Task details
Below are entries. Copy exactly the lines running from the line that holds "then obtain x" to the line that holds "using PL_homeo_maps_unit_interval PL", with both ends included.
== Exercise data ==
lemma mset_concat_map_swap:
  "mset (concat (map (\<lambda>x. map (f x) ys) xs)) = mset (concat (map (\<lambda>y. map (\<lambda>x. f x y) xs) ys))"
proof (induct xs)
  case Nil
  then show ?case by (induct ys) auto
next
  case (Cons x xs)
  have "mset (concat (map (\<lambda>y. map (\<lambda>x. f x y) (x # xs)) ys))
      = mset (map (f x) ys) + mset (concat (map (\<lambda>y. map (\<lambda>x. f x y) xs) ys))"
    by (induct ys) auto
  with Cons show ?case by simp
qed

lemma mset_concat_map_swap_pairs:
  "mset (concat (map (\<lambda>(x1, x2). map (\<lambda>(y1, y2). f x1 x2 y1 y2) ys) xs))
   = mset (concat (map (\<lambda>(y1, y2). map (\<lambda>(x1, x2). f x1 x2 y1 y2) xs) ys))"
  using mset_concat_map_swap[of "\<lambda>x y. f (fst x) (snd x) (fst y) (snd y)" ys xs] by (simp add: split_def)

lemma concat_map_concat: "concat (map f (concat xss)) = concat (map (\<lambda>xs. concat (map f xs)) xss)"
  by (induct xss) auto

lemma mset_concat_map_rotate:
  "mset (concat (map (\<lambda>a. concat (map (\<lambda>b. map (\<lambda>c. f a b c) zs) ys)) xs))
   = mset (concat (map (\<lambda>b. concat (map (\<lambda>c. map (\<lambda>a. f a b c) xs) zs)) ys))"
proof -
  define ps where "ps = concat (map (\<lambda>b. map (Pair b) zs) ys)"
  have flat: "concat (map (\<lambda>b. map (g b) zs) ys) = map (\<lambda>p. g (fst p) (snd p)) ps" for g :: "_ \<Rightarrow> _ \<Rightarrow> 'x"
    by (simp add: ps_def map_concat comp_def)
  have lhs: "concat (map (\<lambda>a. concat (map (\<lambda>b. map (\<lambda>c. f a b c) zs) ys)) xs)
                = concat (map (\<lambda>a. map (\<lambda>p. f a (fst p) (snd p)) ps) xs)"
    by (simp add: flat)
  have rhs: "concat (map (\<lambda>p. map (\<lambda>a. f a (fst p) (snd p)) xs) ps)
           = concat (map (\<lambda>b. concat (map (\<lambda>c. map (\<lambda>a. f a b c) xs) zs)) ys)"
    by (simp add: ps_def concat_map_concat comp_def)
  show ?thesis unfolding lhs rhs[symmetric] by (rule mset_concat_map_swap)
qed

lemma sum_list_map_concat: "sum_list (map f (concat xss)) = sum_list (map (\<lambda>xs. sum_list (map f xs)) xss)"
  by (induct xss) auto

section \<open>Left bialgebroids\<close>

locale is_left_bialgebroid =
  fixes \<iota> :: "'k::{comm_ring,monoid_mult} \<Rightarrow> 'a::{ring,monoid_mult}"
    and s t :: "'a \<Rightarrow> 'u::{ring,monoid_mult}" and \<Delta> :: "'u \<Rightarrow> ('u \<times> 'u) list" and \<epsilon> :: "'u \<Rightarrow> 'a"
  assumes left_bialgebroid: "left_bialgebroid \<iota> s t \<Delta> \<epsilon>"
begin

lemma s_add: "s (x + y) = s x + s y"
  and s_mult: "s (x * y) = s x * s y"
  and s_one [simp]: "s 1 = 1"
  and t_add: "t (x + y) = t x + t y"
  and t_mult: "t (x * y) = t y * t x"
  and t_one [simp]: "t 1 = 1"
  and s_t_commute: "s x * t y = t y * s x"
  and s_iota_central: "s (\<iota> r) * u = u * s (\<iota> r)"
  and Delta_add: "teqA t s (\<Delta> (u + v)) (\<Delta> u @ \<Delta> v)"
  and Delta_takeuchi: "teqA t s (map (\<lambda>(x, y). (x * t a, y)) (\<Delta> u)) (map (\<lambda>(x, y). (x, y * s a)) (\<Delta> u))"
  and Delta_coassoc: "teqA3 s t (concat (map (\<lambda>(x1, x2). map (\<lambda>(y1, y2). (y1, y2, x2)) (\<Delta> x1)) (\<Delta> u)))
                        (concat (map (\<lambda>(x1, x2). map (\<lambda>(y1, y2). (x1, y1, y2)) (\<Delta> x2)) (\<Delta> u)))"
  and Delta_one: "teqA t s (\<Delta> 1) [(1, 1)]"
  and Delta_mult: "teqA t s (\<Delta> (u * v)) (concat (map (\<lambda>(x1, x2). map (\<lambda>(y1, y2). (x1 * y1, x2 * y2)) (\<Delta> v)) (\<Delta> u)))"
  and Delta_bimodule: "teqA t s (\<Delta> (t c * s b * u * s d * t a))
                         (map (\<lambda>(x, y). (s b * x * s d, t c * y * t a)) (\<Delta> u))"
  and eps_add: "\<epsilon> (u + v) = \<epsilon> u + \<epsilon> v"
  and eps_bimodule: "\<epsilon> (t c * s b * u) = b * \<epsilon> u * c"
  and counit_left: "sum_list (map (\<lambda>(x, y). s (\<epsilon> x) * y) (\<Delta> u)) = u"
  and counit_right: "sum_list (map (\<lambda>(x, y). t (\<epsilon> y) * x) (\<Delta> u)) = u"
  using left_bialgebroid by (simp_all add: left_bialgebroid_def)
(* For Domineering on the $5 \times n$ board ($5$ rows, $n$ columns): the $5\times 1$ and $5 \times 3$ boards have outcome $V$, the $5\times 2$ and $5\times 4$ boards have outcome $H$, the $5 \times 5$ board has outcome ${\rm 2nd}$, and the $5 \times n$ board has outcome $H$ for every $n \ge 6$.
   Context: Domineering on an $m \times n$ board (a rectangle of $m$ rows and $n$ columns of unit cells): two players, Vera and Hepzibah, alternately place dominoes on empty cells; Vera places vertical dominoes (covering two vertically adjacent empty cells), Hepzibah places horizontal dominoes (covering two horizontally adjacent empty cells). A player who cannot move on her turn loses. The outcome class of a position is $V$ if Vera wins with optimal play regardless of who moves first, $H$ if Hepzibah wins regardless of who moves first, ${\rm 1st}$ if the player who moves first wins, and ${\rm 2nd}$ if the player who moves second wins. *)

theory Defs
  imports Main
begin

text \<open>Cells are pairs (row, column). A position is the set of empty cells.\<close>
type_synonym cell = "nat \<times> nat"

datatype player = Vera | Hepzibah

fun opponent :: "player \<Rightarrow> player" where
  "opponent Vera = Hepzibah"
| "opponent Hepzibah = Vera"

definition board :: "nat \<Rightarrow> nat \<Rightarrow> cell set" where
  "board m n = {(r, c). r < m \<and> c < n}"

fun moves :: "player \<Rightarrow> cell set \<Rightarrow> cell set set" where
  "moves Vera S = {{(r, c), (Suc r, c)} | r c. (r, c) \<in> S \<and> (Suc r, c) \<in> S}"
| "moves Hepzibah S = {{(r, c), (r, Suc c)} | r c. (r, c) \<in> S \<and> (r, Suc c) \<in> S}"

text \<open>wins_first p S: player p, moving first from S, has a winning strategy;
  wins_second p S: player p wins when the opponent moves first from S.
  Normal play: a player who cannot move loses.\<close>
inductive wins_first :: "player \<Rightarrow> cell set \<Rightarrow> bool"
  and wins_second :: "player \<Rightarrow> cell set \<Rightarrow> bool" where
  first: "d \<in> moves p S \<Longrightarrow> wins_second p (S - d) \<Longrightarrow> wins_first p S"
| second: "(\<forall>d \<in> moves (opponent p) S. wins_first p (S - d)) \<Longrightarrow> wins_second p S"

datatype outcome = OV | OH | OFirst | OSecond

fun has_outcome :: "cell set \<Rightarrow> outcome \<Rightarrow> bool" where
  "has_outcome S OV = (wins_first Vera S \<and> wins_second Vera S)"
| "has_outcome S OH = (wins_first Hepzibah S \<and> wins_second Hepzibah S)"
| "has_outcome S OFirst = (wins_first Vera S \<and> wins_first Hepzibah S)"
| "has_outcome S OSecond = (wins_second Vera S \<and> wins_second Hepzibah S)"

end

theory Submission
  imports Defs
begin

text \<open>A \<open>5 \<times> n\<close> board with \<open>n \<ge> 6\<close> splits into \<open>5 \<times> 2\<close> and \<open>5 \<times> 5\<close> boards side by side.
  Vera's vertical dominoes never cross a column boundary, so Hepzibah, who wins each piece
  moving second and the \<open>5 \<times> 2\<close> piece also moving first, wins the whole board by always
  answering in the piece Vera has just played in. The small boards are settled by game-tree
  certificates checked inside the logic; Vera's wins on \<open>5 \<times> 3\<close> and \<open>5 \<times> 5\<close> are Hepzibah's
  wins on \<open>3 \<times> 5\<close> and \<open>5 \<times> 5\<close> transposed.\<close>

section \<open>Moves and board symmetries\<close>

lemma wins_firstD: "wins_first p S \<Longrightarrow> \<exists>d \<in> moves p S. wins_second p (S - d)"
  by (erule wins_first.cases) auto

lemma wins_secondD: "wins_second p S \<Longrightarrow> d \<in> moves (opponent p) S \<Longrightarrow> wins_first p (S - d)"
  by (erule wins_second.cases) auto

lemma wins_second_if_no_moves: "moves (opponent p) S = {} \<Longrightarrow> wins_second p S"
  by (rule second) simp

fun partner :: "player \<Rightarrow> cell \<Rightarrow> cell" where
  "partner Vera (r, c) = (Suc r, c)"
| "partner Hepzibah (r, c) = (r, Suc c)"

lemma moves_partner: "moves p S = (\<lambda>x. {x, partner p x}) ` {x \<in> S. partner p x \<in> S}"
  by (cases p) (auto, blast+)

lemma move_subset: "d \<in> moves p S \<Longrightarrow> d \<subseteq> S"
  by (auto simp: moves_partner)

lemma card_move: "d \<in> moves p S \<Longrightarrow> card d = 2"
proof -
  have "x \<noteq> partner p x" for x
    by (cases p; cases x) auto
  then show "d \<in> moves p S \<Longrightarrow> card d = 2"
    by (auto simp: moves_partner)
qed

lemma moves_mono: "S \<subseteq> T \<Longrightarrow> moves p S \<subseteq> moves p T"
  by (auto simp: moves_partner)

lemma moves_image:
  assumes "inj f" and partner_f: "\<And>x. f (partner p x) = partner q (f x)"
  shows "moves q (f ` S) = image f ` moves p S"
proof -
  have "{y \<in> f ` S. partner q y \<in> f ` S} = f ` {x \<in> S. partner p x \<in> S}"
    using \<open>inj f\<close> by (auto simp flip: partner_f simp: inj_image_mem_iff inj_eq)
  then show ?thesis
    by (simp add: moves_partner image_image partner_f)
qed

lemma wins_image:
  assumes "inj f" and "\<And>p. g (opponent p) = opponent (g p)"
    and "\<And>p x. f (partner p x) = partner (g p) (f x)"
  shows "wins_first p S \<Longrightarrow> wins_first (g p) (f ` S)"
    and "wins_second p S \<Longrightarrow> wins_second (g p) (f ` S)"
proof (induction rule: wins_first_wins_second.inducts)
  case (first d p S)
  have "f ` d \<in> moves (g p) (f ` S)"
    using first.hyps(1) moves_image[OF assms(1,3)] by auto
  moreover have "f ` S - f ` d = f ` (S - d)"
    using \<open>inj f\<close> by (simp add: image_set_diff)
  ultimately show ?case
    using first.IH by (metis wins_first_wins_second.first)
next
  case (second p S)
  show ?case
  proof (rule wins_first_wins_second.second, rule ballI)
    fix d assume "d \<in> moves (opponent (g p)) (f ` S)"
    then obtain d' where "d' \<in> moves (opponent p) S" "d = f ` d'"
      using moves_image[OF assms(1,3)] assms(2) by (metis imageE)
    moreover have "f ` S - f ` d' = f ` (S - d')"
      using \<open>inj f\<close> by (simp add: image_set_diff)
    ultimately show "wins_first (g p) (f ` S - d)"
      using second.IH by auto
  qed
qed

lemma wins_transpose:
  shows wins_first_transpose: "wins_first p S \<Longrightarrow> wins_first (opponent p) (prod.swap ` S)"
    and wins_second_transpose: "wins_second p S \<Longrightarrow> wins_second (opponent p) (prod.swap ` S)"
proof -
  have "prod.swap (partner p x) = partner (opponent p) (prod.swap x)" for p x
    by (cases p; cases x) auto
  then show "wins_first p S \<Longrightarrow> wins_first (opponent p) (prod.swap ` S)"
    and "wins_second p S \<Longrightarrow> wins_second (opponent p) (prod.swap ` S)"
    using wins_image[of prod.swap opponent] by auto
qed

definition shift_cols :: "nat \<Rightarrow> cell \<Rightarrow> cell" where
  "shift_cols k x = (fst x, snd x + k)"

lemma wins_shift_cols:
  shows "wins_first p S \<Longrightarrow> wins_first p (shift_cols k ` S)"
    and "wins_second p S \<Longrightarrow> wins_second p (shift_cols k ` S)"
proof -
  have "inj (shift_cols k)"
    by (auto simp: inj_def shift_cols_def prod_eq_iff)
  moreover have "shift_cols k (partner p x) = partner (id p) (shift_cols k x)" for p x
    by (cases p; cases x) (auto simp: shift_cols_def)
  ultimately show "wins_first p S \<Longrightarrow> wins_first p (shift_cols k ` S)"
    and "wins_second p S \<Longrightarrow> wins_second p (shift_cols k ` S)"
    using wins_image[of "shift_cols k" id] by auto
qed

section \<open>Column-disjoint sums\<close>

lemma card_Diff_move:
  assumes "finite S" and "d \<in> moves p S"
  shows "card (S - d) < card S"
proof -
  have "d \<noteq> {}"
    using card_move[OF assms(2)] by auto
  then show ?thesis
    using assms move_subset[OF assms(2)] by (intro psubset_card_mono) auto
qed

definition column_disjoint :: "cell set \<Rightarrow> cell set \<Rightarrow> bool" where
  "column_disjoint A B \<longleftrightarrow> (\<forall>x \<in> A. \<forall>y \<in> B. snd x \<noteq> snd y)"

lemma column_disjoint_sym: "column_disjoint A B \<Longrightarrow> column_disjoint B A"
  unfolding column_disjoint_def by fastforce

lemma column_disjoint_Diff: "column_disjoint A B \<Longrightarrow> column_disjoint (A - d) B"
  by (auto simp: column_disjoint_def)

lemma column_disjoint_union_Diff_move:
  "column_disjoint A B \<Longrightarrow> d \<in> moves p A \<Longrightarrow> A \<union> B - d = (A - d) \<union> B"
  using move_subset by (force simp: column_disjoint_def)

lemma vera_move_column_disjoint_union:
  assumes "column_disjoint A B" and "d \<in> moves Vera (A \<union> B)"
  shows "d \<in> moves Vera A \<or> d \<in> moves Vera B"
proof -
  obtain r c where d: "d = {(r, c), (Suc r, c)}"
    and cells: "(r, c) \<in> A \<union> B" "(Suc r, c) \<in> A \<union> B"
    using assms(2) by auto
  have "(r, c) \<in> A \<longleftrightarrow> (Suc r, c) \<in> A"
    using assms(1) cells by (force simp: column_disjoint_def)
  then show ?thesis
    using d cells by auto
qed
lemma PL_homeo_linear_germ:
  assumes "PL_homeo f" "p \<in> {0, 1}"
  obtains m where "m > 0" "linear_germ p f m"
proof -
  obtain S where S: "finite S" "{0, 1} \<subseteq> S" "S \<subseteq> {0..1}"
    and affine: "\<forall>a\<in>S. \<forall>b\<in>S. a < b \<and> {a<..<b} \<inter> S = {} \<longrightarrow> (\<exists>k c. \<forall>x\<in>{a..b}. f x = k * x + c)"
    using assms(1) unfolding PL_homeo_def by blast
  have fp: "f p = p" using PL_homeoD(2,3)[OF assms(1)] assms(2) by auto
  note sm = PL_homeoD(4)[OF assms(1)]
  define a where "a = arg_min_on (\<lambda>x. \<bar>x - p\<bar>) (S - {p})"
  have ne: "S - {p} \<noteq> {}" using S(2) assms(2) by auto
  have a: "a \<in> S" "a \<noteq> p" using arg_min_if_finite(1)[OF _ ne] S(1) by (auto simp: a_def)
  have nearest: "\<bar>a - p\<bar> \<le> \<bar>x - p\<bar>" if "x \<in> S" "x \<noteq> p" for x
    using arg_min_least[of "S - {p}" x "\<lambda>x. \<bar>x - p\<bar>"] S(1) that by (auto simp: a_def)
  have "{min p a<..<max p a} \<inter> S = {}"
  proof (rule ccontr)
    assume "{min p a<..<max p a} \<inter> S \<noteq> {}"
    then obtain x where "x \<in> S" "min p a < x" "x < max p a" by auto
    then show False using nearest[of x] by (auto simp: min_def max_def split: if_splits)
  qed
  moreover have "min p a \<in> S" "max p a \<in> S" "min p a < max p a"
    using a S(2) assms(2) by (auto simp: min_def max_def)
  ultimately obtain k c where kc: "\<forall>x\<in>{min p a..max p a}. f x = k * x + c"
    using affine by blast
  have "f p = k * p + c" using kc by simp
  then have c: "c = p - k * p" using fp by simp
  have germ: "f x = p + k * (x - p)" if "x \<in> {min p a..max p a}" for x
  proof -
    have "f x = k * x + c" using kc that by blast
    then show ?thesis by (simp add: c algebra_simps)
  qed
  have unit: "a \<in> {0..1}" "p \<in> {0..1}" using a(1) S(3) assms(2) by auto
  consider "p < a" | "a < p" using a(2) by linarith
  then have "0 < (f a - f p) * (a - p)"
  proof cases
    case 1
    then have "f p < f a" using strict_mono_onD[OF sm] unit by blast
    then show ?thesis using 1 by simp
  next
    case 2
    then have "f a < f p" using strict_mono_onD[OF sm] unit by blast
    then show ?thesis using 2 by (simp add: mult_neg_neg)
  qed
  also have "\<dots> = k * (a - p)\<^sup>2" by (simp add: germ power2_eq_square)
  finally have "k > 0" by (simp add: zero_less_mult_iff)
  moreover have "linear_germ p f k"
    unfolding linear_germ_def
  proof (intro exI[of _ "\<bar>a - p\<bar>"] conjI ballI impI)
    show "\<bar>a - p\<bar> > 0" using a by simp
    fix x :: real assume "x \<in> {0..1}" "\<bar>x - p\<bar> \<le> \<bar>a - p\<bar>"
    then have "x \<in> {min p a..max p a}" using assms(2) a S(3) by auto
    then show "f x = p + k * (x - p)" by (rule germ)
  qed
  ultimately show ?thesis using that by blast
qed

lemma commutator_linear_germ:
  assumes PL: "PL_homeo f" "PL_homeo h" "PL_homeo f'" "PL_homeo h'"
    and inv: "f \<circ> f' = id" "h \<circ> h' = id" and p: "p \<in> {0, 1}"
  shows "linear_germ p (f \<circ> h \<circ> f' \<circ> h') 1"
proof -
  obtain mf mh mf' mh' where pos: "mf > 0" "mh > 0" "mf' > 0" "mh' > 0"
    and germ: "linear_germ p f mf" "linear_germ p h mh" "linear_germ p f' mf'" "linear_germ p h' mh'"
    using PL_homeo_linear_germ[OF _ p] PL by metis
  have unit: "h ` {0..1} \<subseteq> {0..1}" "f' ` {0..1} \<subseteq> {0..1}" "h' ` {0..1} \<subseteq> {0..1}"
    using PL_homeo_maps_unit_interval PL by auto
  have p01: "p \<in> {0..1}" using p by auto
  have "mf * mf' = 1"
    using linear_germ_unique[OF linear_germ_comp[OF germ(1,3) pos(3) unit(2)] _ p01] inv(1) linear_germ_id
    by simp
  moreover have "mh * mh' = 1"
    using linear_germ_unique[OF linear_germ_comp[OF germ(2,4) pos(4) unit(3)] _ p01] inv(2) linear_germ_id
    by simp
  moreover have "linear_germ p (f \<circ> h \<circ> f' \<circ> h') (mf * mh * mf' * mh')"
    using linear_germ_comp germ pos unit by metis
  ultimately show ?thesis by (simp add: algebra_simps)
qed

definition near_ends :: "real \<Rightarrow> real set" where
  "near_ends d = {..d} \<union> {1 - d..}"

definition trivial_near_ends :: "(real \<Rightarrow> real) \<Rightarrow> bool" where
  "trivial_near_ends f \<longleftrightarrow> (\<forall>\<^sub>F d in at_right 0. \<forall>x\<in>near_ends d. f x = x)"
(* Let $H\in(1/2,1)$ and $k\ge2$. As $n\to\infty$: (i) \[\sum_{\substack{i_1,\dots,i_k\in\mathbb{N}\\ 1=i_1<i_2<\dots<i_k=n}}\ \prod_{j=2}^{k}|i_j-i_{j-1}|^{2H-2}\ \sim\ \frac{\Gamma(2H-1)^{k-1}}{\Gamma((2H-1)(k-1))}\,n^{(2H-1)(k-1)-1};\] (ii) \[\sum_{\substack{i_1,\dots,i_k\in\{1,\dots,n\}\\ i_1<i_2<\dots<i_k}}\ \prod_{j=2}^{k}|i_j-i_{j-1}|^{2H-2}\ \sim\ \frac{\Gamma(2H-1)^{k-1}}{\Gamma((2H-1)(k-1)+2)}\,n^{(2H-1)(k-1)+1}.\]
   Context: $a_n\sim b_n$ means $a_n/b_n\to1$ as $n\to\infty$. *)

theory Defs
  imports "HOL-Analysis.Analysis"
begin

text \<open>Weight of a tuple (i_1,...,i_k), given as a list of length k (list index j-1 holds i_j):
  the product over j = 2..k of |i_j - i_{j-1}|^(2H-2).\<close>
definition tuple_weight :: "real \<Rightarrow> nat list \<Rightarrow> real" where
  "tuple_weight H xs =
     (\<Prod>j\<in>{1..<length xs}. \<bar>real (xs ! j) - real (xs ! (j - 1))\<bar> powr (2 * H - 2))"

definition pinned_tuples :: "nat \<Rightarrow> nat \<Rightarrow> nat list set" where
  "pinned_tuples k n = {xs. length xs = k \<and> sorted_wrt (<) xs \<and> xs ! 0 = 1 \<and> xs ! (k - 1) = n}"

definition free_tuples :: "nat \<Rightarrow> nat \<Rightarrow> nat list set" where
  "free_tuples k n = {xs. length xs = k \<and> sorted_wrt (<) xs \<and> set xs \<subseteq> {1..n}}"

end

theory Submission
  imports Defs "HOL-Real_Asymp.Real_Asymp"
begin

text \<open>
  Summing over all but the last index, both sums become iterated discrete convolutions with the
  kernel \<open>j powr (2H - 2)\<close>, and for (ii) one more convolution with the constant sequence 1.
  The analytic core is a discrete Beta integral: if \<open>a n \<sim> A n^(p-1)\<close> and \<open>b n \<sim> B n^(q-1)\<close>
  and \<open>b \<ge> 0\<close>, then their convolution is \<open>\<sim> A B \<Gamma>(p) \<Gamma>(q) / \<Gamma>(p+q) n^(p+q-1)\<close>.
  This holds exactly, by Vandermonde's identity, for the Taylor coefficients of \<open>(1 - x) powr -p\<close>,
  which grow like \<open>n^(p-1) / \<Gamma>(p)\<close> by Gauss's product formula for \<open>\<Gamma>\<close>; and replacing one
  factor by an asymptotically equivalent one changes the convolution only negligibly, because the
  finitely many early terms where the two factors still differ are swamped by the growing total.
  With \<open>\<alpha> = 2H - 1 > 0\<close>, each convolution with the kernel multiplies the constant by \<open>\<Gamma>(\<alpha>)\<close>
  and shifts the argument of the denominator \<open>\<Gamma>\<close> by \<open>\<alpha>\<close>.
\<close>

section \<open>Power-law asymptotics of sequences\<close>

lemma asymp_equiv_powr_reindex:
  fixes f :: "nat \<Rightarrow> real" and h :: "nat \<Rightarrow> nat"
  assumes f: "f \<sim>[at_top] (\<lambda>n. c * real n powr s)"
    and h: "filterlim h at_top at_top" "(\<lambda>n. real (h n)) \<sim>[at_top] real"
  shows "(\<lambda>n. f (h n)) \<sim>[at_top] (\<lambda>n. c * real n powr s)"
proof -
  have "(\<lambda>n. f (h n)) \<sim>[at_top] (\<lambda>n. c * real (h n) powr s)"
    by (rule asymp_equiv_compose'[OF f h(1)])
  also have "\<dots> \<sim>[at_top] (\<lambda>n. c * real n powr s)"
    by (intro asymp_equiv_mult asymp_equiv_refl asymp_equiv_powr_real h(2)) auto
  finally show ?thesis .
qed

lemma asymp_equiv_powr_diff_const:
  fixes f :: "nat \<Rightarrow> real"
  assumes "f \<sim>[at_top] (\<lambda>n. c * real n powr s)"
  shows "(\<lambda>n. f (n - m)) \<sim>[at_top] (\<lambda>n. c * real n powr s)"
proof (rule asymp_equiv_powr_reindex[OF assms filterlim_minus_const_nat_at_top])
  have "(\<lambda>n. real n - real m) \<sim>[at_top] real"
    by real_asymp
  moreover have "eventually (\<lambda>n. real n - real m = real (n - m)) at_top"
    using eventually_ge_at_top[of m] by eventually_elim auto
  ultimately show "(\<lambda>n. real (n - m)) \<sim>[at_top] real"
    by (rule asymp_equiv_transfer) simp
qed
===
Your response
    then obtain x where "x \<in> S" "min p a < x" "x < max p a" by auto
    then show False using nearest[of x] by (auto simp: min_def max_def split: if_splits)
  qed
  moreover have "min p a \<in> S" "max p a \<in> S" "min p a < max p a"
    using a S(2) assms(2) by (auto simp: min_def max_def)
  ultimately obtain k c where kc: "\<forall>x\<in>{min p a..max p a}. f x = k * x + c"
    using affine by blast
  have "f p = k * p + c" using kc by simp
  then have c: "c = p - k * p" using fp by simp
  have germ: "f x = p + k * (x - p)" if "x \<in> {min p a..max p a}" for x
  proof -
    have "f x = k * x + c" using kc that by blast
    then show ?thesis by (simp add: c algebra_simps)
  qed
  have unit: "a \<in> {0..1}" "p \<in> {0..1}" using a(1) S(3) assms(2) by auto
  consider "p < a" | "a < p" using a(2) by linarith
  then have "0 < (f a - f p) * (a - p)"
  proof cases
    case 1
    then have "f p < f a" using strict_mono_onD[OF sm] unit by blast
    then show ?thesis using 1 by simp
  next
    case 2
    then have "f a < f p" using strict_mono_onD[OF sm] unit by blast
    then show ?thesis using 2 by (simp add: mult_neg_neg)
  qed
  also have "\<dots> = k * (a - p)\<^sup>2" by (simp add: germ power2_eq_square)
  finally have "k > 0" by (simp add: zero_less_mult_iff)
  moreover have "linear_germ p f k"
    unfolding linear_germ_def
  proof (intro exI[of _ "\<bar>a - p\<bar>"] conjI ballI impI)
    show "\<bar>a - p\<bar> > 0" using a by simp
    fix x :: real assume "x \<in> {0..1}" "\<bar>x - p\<bar> \<le> \<bar>a - p\<bar>"
    then have "x \<in> {min p a..max p a}" using assms(2) a S(3) by auto
    then show "f x = p + k * (x - p)" by (rule germ)
  qed
  ultimately show ?thesis using that by blast
qed

lemma commutator_linear_germ:
  assumes PL: "PL_homeo f" "PL_homeo h" "PL_homeo f'" "PL_homeo h'"
    and inv: "f \<circ> f' = id" "h \<circ> h' = id" and p: "p \<in> {0, 1}"
  shows "linear_germ p (f \<circ> h \<circ> f' \<circ> h') 1"
proof -
  obtain mf mh mf' mh' where pos: "mf > 0" "mh > 0" "mf' > 0" "mh' > 0"
    and germ: "linear_germ p f mf" "linear_germ p h mh" "linear_germ p f' mf'" "linear_germ p h' mh'"
    using PL_homeo_linear_germ[OF _ p] PL by metis
  have unit: "h ` {0..1} \<subseteq> {0..1}" "f' ` {0..1} \<subseteq> {0..1}" "h' ` {0..1} \<subseteq> {0..1}"
    using PL_homeo_maps_unit_interval PL by auto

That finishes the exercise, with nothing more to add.